## WORK INSTRUCTIONS
Each line of the records below that contains "means" needs to be copied.
============
(* Consider the random triangle removal process on $n$ vertices. Set $\Phi(p,n)=p^{-2/\log n}\log n$, fix $\alpha>0$, and let \[\tau^*_{\mathrm{Y}}=\min\left\{t : \exists\, u,v \text{ such that } |Y_{u,v}-np^2|>\alpha n^{1/2}p\,\Phi\right\}.\] Then with high probability, for all $t$ with $t\le \tau^*_{\mathrm{Y}}$ and $p(t)\ge n^{-1/2}\log^2 n$, \[\left|Q-n^3p^3/6\right|\le \alpha^2 n^2 p\,\Phi^2.\]
   Context: Random triangle removal process: $G(0)=K_n$ on a vertex set $V_G$ with $|V_G|=n$; as long as $G(i)$ contains a triangle, $G(i+1)$ is obtained by deleting the three edges of a uniformly random triangle of $G(i)$. Write $t=t(i)=i/n^2$ and $p=p(i)=1-6i/n^2$; times $t$ range over values $i/n^2$, $i$ an integer. $Q=Q(i)$ is the number of triangles of $G(i)$, and for distinct vertices $u,v$, $Y_{u,v}=|N_u\cap N_v|$ is their co-degree in $G(i)$. "With high probability" means with probability tending to $1$ as $n\to\infty$. *)

theory Defs
  imports "HOL-Probability.Probability"
begin

text \<open>Graphs on vertex set {..<n} are represented by their edge sets (sets of 2-element sets).\<close>

definition complete_graph :: "nat \<Rightarrow> nat set set" where
  "complete_graph n = {{a, b} | a b. a < n \<and> b < n \<and> a \<noteq> b}"

definition triangles :: "nat set set \<Rightarrow> nat set set" where
  "triangles G = {T. card T = 3 \<and> (\<forall>a\<in>T. \<forall>b\<in>T. a \<noteq> b \<longrightarrow> {a, b} \<in> G)}"

definition remove_triangle :: "nat set set \<Rightarrow> nat set \<Rightarrow> nat set set" where
  "remove_triangle G T = G - {{a, b} | a b. a \<in> T \<and> b \<in> T \<and> a \<noteq> b}"

definition removal_step :: "nat set set \<Rightarrow> nat set set pmf" where
  "removal_step G = map_pmf (remove_triangle G) (pmf_of_set (triangles G))"

primrec traj :: "nat \<Rightarrow> nat \<Rightarrow> nat set set list pmf" where
  "traj n 0 = return_pmf [complete_graph n]"
| "traj n (Suc k) = bind_pmf (traj n k) (\<lambda>gs.
      if triangles (last gs) = {} then return_pmf gs
      else map_pmf (\<lambda>g. gs @ [g]) (removal_step (last gs)))"

text \<open>The full run of the process: n^2 exceeds the maximal number of steps (at most (n choose 2)/3),
  so the list is the complete trajectory G(0), ..., G(T) with G(T) triangle-free.\<close>
definition triangle_removal_process :: "nat \<Rightarrow> nat set set list pmf" where
  "triangle_removal_process n = traj n (n ^ 2)"

definition num_triangles :: "nat set set \<Rightarrow> nat" where
  "num_triangles G = card (triangles G)"

definition nbrs :: "nat set set \<Rightarrow> nat \<Rightarrow> nat set" where
  "nbrs G u = {w. {u, w} \<in> G}"

definition codeg :: "nat set set \<Rightarrow> nat \<Rightarrow> nat \<Rightarrow> nat" where
  "codeg G u v = card (nbrs G u \<inter> nbrs G v)"

definition pp :: "nat \<Rightarrow> nat \<Rightarrow> real" where
  "pp n i = 1 - 6 * real i / (real n) ^ 2"

definition Phi :: "real \<Rightarrow> nat \<Rightarrow> real" where
  "Phi p n = p powr (- 2 / ln (real n)) * ln (real n)"

text \<open>The event of the theorem. "i \<le> tau*_Y" means: no co-degree violation at any time j < i.\<close>
definition good_event :: "nat \<Rightarrow> real \<Rightarrow> nat set set list \<Rightarrow> bool" where
  "good_event n \<alpha> gs \<longleftrightarrow>
     (\<forall>i < length gs.
        (pp n i \<ge> real n powr (-1/2) * (ln (real n)) ^ 2 \<and>
         (\<forall>j < i. \<forall>u < n. \<forall>v < n. u \<noteq> v \<longrightarrow>
            \<bar>real (codeg (gs ! j) u v) - real n * (pp n j)^2\<bar>
              \<le> \<alpha> * sqrt (real n) * pp n j * Phi (pp n j) n))
        \<longrightarrow> \<bar>real (num_triangles (gs ! i)) - (real n)^3 * (pp n i)^3 / 6\<bar>
              \<le> \<alpha>^2 * (real n)^2 * pp n i * (Phi (pp n i) n)^2)"

end

theory Submission
  imports Defs "HOL-Real_Asymp.Real_Asymp"
begin

text \<open>Let \<open>Q\<close> be the number of triangles and \<open>m\<close> the number of edges, and normalise
  \<open>W = Q / (m(m-3)(m-6))\<close>. Removing a triangle \<open>T\<close> deletes three edges and
  \<open>(\<Sum>e\<in>T. Y\<^sub>e) - 2\<close> triangles, where \<open>Y\<^sub>e\<close> counts the triangles on the edge \<open>e\<close>; averaging
  over \<open>T\<close> gives the exact drift \<open>(2 - V/Q) / ((m-3)(m-6)(m-9))\<close> of \<open>W\<close>, where \<open>V\<close> is the sum
  of squared deviations of the \<open>Y\<^sub>e\<close> from their mean. While the co-degrees are concentrated,
  \<open>V/Q = O(\<alpha>\<^sup>2\<Phi>\<^sup>2)\<close>, so the drifts add up to an error of order \<open>\<alpha>\<^sup>2\<Phi>\<^sup>2/m\<^sup>2\<close>, and the
  centred increments form a martingale whose conditional variance per step is at most
  \<open>144/(\<alpha>\<^sup>2n\<^sup>3)\<close> times the square of its allowance. The squared martingale divided by the
  squared allowance, frozen at \<open>1\<close> once the allowance is exceeded, thus gains at most
  \<open>144/(\<alpha>\<^sup>2n\<^sup>3)\<close> in expectation per step, and after at most \<open>n\<^sup>2\<close> steps Markov's inequality
  bounds the probability of exceeding the allowance by \<open>144/(\<alpha>\<^sup>2n)\<close>. Outside this event
  \<open>Q = m(m-3)(m-6) W\<close> is within \<open>\<alpha>\<^sup>2n\<^sup>2p\<Phi>\<^sup>2\<close> of \<open>n\<^sup>3p\<^sup>3/6\<close>.\<close>

section \<open>Triangles of graphs on \<open>{..<n}\<close>\<close>

definition graph_on :: "nat \<Rightarrow> nat set set \<Rightarrow> bool" where
  "graph_on n G \<longleftrightarrow> G \<subseteq> complete_graph n"

definition edges_in :: "nat set \<Rightarrow> nat set set" where
  "edges_in T = {e. e \<subseteq> T \<and> card e = 2}"

definition tri_deg :: "nat set set \<Rightarrow> nat set \<Rightarrow> nat" where
  "tri_deg G e = card {S \<in> triangles G. e \<subseteq> S}"

lemma complete_graph_eq: "complete_graph n = {e. e \<subseteq> {..<n} \<and> card e = 2}"
  unfolding complete_graph_def by (auto simp: card_2_iff)

lemma card_complete_graph: "card (complete_graph n) = n choose 2"
  using n_subsets[of "{..<n}" 2] by (simp add: complete_graph_eq conj_commute)

lemma finite_complete_graph: "finite (complete_graph n)"
proof -
  have "complete_graph n \<subseteq> Pow {..<n}" by (auto simp: complete_graph_eq)
  then show ?thesis by (rule finite_subset) auto
qed

lemma graph_on_complete_graph: "graph_on n (complete_graph n)"
  by (simp add: graph_on_def)

lemma graph_on_finite: "graph_on n G \<Longrightarrow> finite G"
  unfolding graph_on_def using finite_complete_graph finite_subset by blast

lemma graph_on_edge: "graph_on n G \<Longrightarrow> e \<in> G \<Longrightarrow> e \<subseteq> {..<n} \<and> card e = 2"
  unfolding graph_on_def complete_graph_eq by auto

lemma graph_on_no_loop: "graph_on n G \<Longrightarrow> {a} \<notin> G"
  using graph_on_edge by fastforce

lemma graph_on_card_le: "graph_on n G \<Longrightarrow> card G \<le> n choose 2"
  unfolding graph_on_def using finite_complete_graph card_complete_graph by (metis card_mono)

lemma graph_on_remove_triangle: "graph_on n G \<Longrightarrow> graph_on n (remove_triangle G T)"
  unfolding graph_on_def remove_triangle_def by auto

lemma triangleE:
  assumes "T \<in> triangles G"
  obtains a b c where "T = {a,b,c}" "a \<noteq> b" "b \<noteq> c" "a \<noteq> c"
    "{a,b} \<in> G" "{a,c} \<in> G" "{b,c} \<in> G"
proof -
  from assms have c: "card T = 3" and e: "\<forall>a\<in>T. \<forall>b\<in>T. a \<noteq> b \<longrightarrow> {a, b} \<in> G"
    by (auto simp: triangles_def)
  from c obtain x y z where "T = {x,y,z}" "x \<noteq> y" "y \<noteq> z" "x \<noteq> z" by (auto simp: card_3_iff)
  with e show ?thesis using that by auto
qed

lemma triangles_subset: "graph_on n G \<Longrightarrow> triangles G \<subseteq> {T. T \<subseteq> {..<n} \<and> card T = 3}"
proof
  fix T assume G: "graph_on n G" and T: "T \<in> triangles G"
  then obtain a b c where "T = {a,b,c}" "{a,b} \<in> G" "{a,c} \<in> G"
    by (elim triangleE)
  then have "T \<subseteq> {..<n}" using graph_on_edge[OF G] by auto
  then show "T \<in> {T. T \<subseteq> {..<n} \<and> card T = 3}" using T by (simp add: triangles_def)
qed

lemma finite_triangles: "graph_on n G \<Longrightarrow> finite (triangles G)"
  by (rule finite_subset[OF triangles_subset]) auto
============
## SOLUTION FOR THIS TASK
   Context: Random triangle removal process: $G(0)=K_n$ on a vertex set $V_G$ with $|V_G|=n$; as long as $G(i)$ contains a triangle, $G(i+1)$ is obtained by deleting the three edges of a uniformly random triangle of $G(i)$. Write $t=t(i)=i/n^2$ and $p=p(i)=1-6i/n^2$; times $t$ range over values $i/n^2$, $i$ an integer. $Q=Q(i)$ is the number of triangles of $G(i)$, and for distinct vertices $u,v$, $Y_{u,v}=|N_u\cap N_v|$ is their co-degree in $G(i)$. "With high probability" means with probability tending to $1$ as $n\to\infty$. *)
text \<open>The event of the theorem. "i \<le> tau*_Y" means: no co-degree violation at any time j < i.\<close>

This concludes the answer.